The word fart in Middle English occurs in "Sumer Is Icumen In", where one sign of summer is "bucke uerteþ" (the buck farts). It appears in several of Geoffrey Chaucer's Canterbury Tales. In "The Miller's Tale", Absolon has already been tricked into kissing Alison's buttocks when he is expecting to kiss her face. Her boyfriend Nicholas hangs his buttocks out of a window, hoping to trick Absolon into kissing his buttocks in turn and then farts in the face of his rival. In "The Summoner's Tale", the friars in the story are to receive the smell of a fart through a twelve-spoked wheel.

In the early modern period, the word fart was not considered especially vulgar; it even surfaced in literary works. For example, Samuel Johnson's A Dictionary of the English Language, published in 1755, included the word. Johnson defined it with two poems, one by Jonathan Swift, the other by Sir John Suckling.
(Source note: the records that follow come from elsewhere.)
(* Fix $s\in(0,2]$. As $d\to\infty$, $$\bar{\sigma}_0^2(s,d)=\frac{2}{d}+\frac{5(2-s)}{2d^2}+o\Big(\frac1{d^2}\Big),\qquad \bar{\sigma}_0(s,d)=\frac{\sqrt2}{\sqrt d}+\frac{5\sqrt2(2-s)}{8d\sqrt d}+o\Big(\frac1{d\sqrt d}\Big).$$
   Context: For integers $d\ge1$ and real $s>0$, let $I_0(s,d)=2^{s/2}\sum_{n=1}^{d}\binom{d}{n}2^{-d}\,\Gamma(n/2+s/2)/\Gamma(n/2)$ and $\bar{\sigma}_0(s,d)=I_0(s,d)^{-1/s}$. (Equivalently $I_0(s,d)=\mathbb{E}\|\max(Z,0)\|^s$ for $Z\sim\mathcal N(0,I_d)$, the maximum taken componentwise, and $\bar\sigma_0(s,d)$ is the weight standard deviation at which a zero-bias ReLU network of width $d$ with i.i.d. $\mathcal N(0,\sigma^2)$ weights preserves the $s$-th moment of the norm of layer outputs.) *)

theory Defs
  imports "HOL-Analysis.Analysis" "HOL-Library.Landau_Symbols"
begin

definition I0 :: "real \<Rightarrow> nat \<Rightarrow> real" where
  "I0 s d = 2 powr (s/2) *
     (\<Sum>n=1..d. real (d choose n) * 2 powr (- real d) *
        Gamma (real n / 2 + s / 2) / Gamma (real n / 2))"

definition sigma0 :: "real \<Rightarrow> nat \<Rightarrow> real" where
  "sigma0 s d = I0 s d powr (- 1 / s)"

end

theory Submission
  imports Defs "HOL-Real_Asymp.Real_Asymp"
begin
Benjamin Franklin prepared an essay on the topic for the Royal Academy of Brussels in 1781 urging scientific study. In 1607, a group of Members of Parliament had written a ribald poem entitled The Parliament Fart, as a symbolic protest against the conservatism of the House of Lords and the king, James I.

===Modern usage===
While not one of George Carlin's original seven dirty words, he noted in a later routine that the word fart ought to be added to "the list" of words that were not acceptable (for broadcast) in any context (which have non-offensive meanings), and described television as (then) a "fart-free zone". Thomas Wolfe had the phrase "a fizzing and sulphuric fart" cut out of his 1929 work Look Homeward, Angel by his publisher. Ernest Hemingway, who had the same publisher, accepted the principle that "fart" could be cut, on the grounds that words should not be used purely to shock. The hippie movement in the 1970s saw a new definition develop, with the use of "fart" as a personal noun, to describe a "detestable person, or someone of small stature or limited mental capacity", gaining wider and more open usage as a result.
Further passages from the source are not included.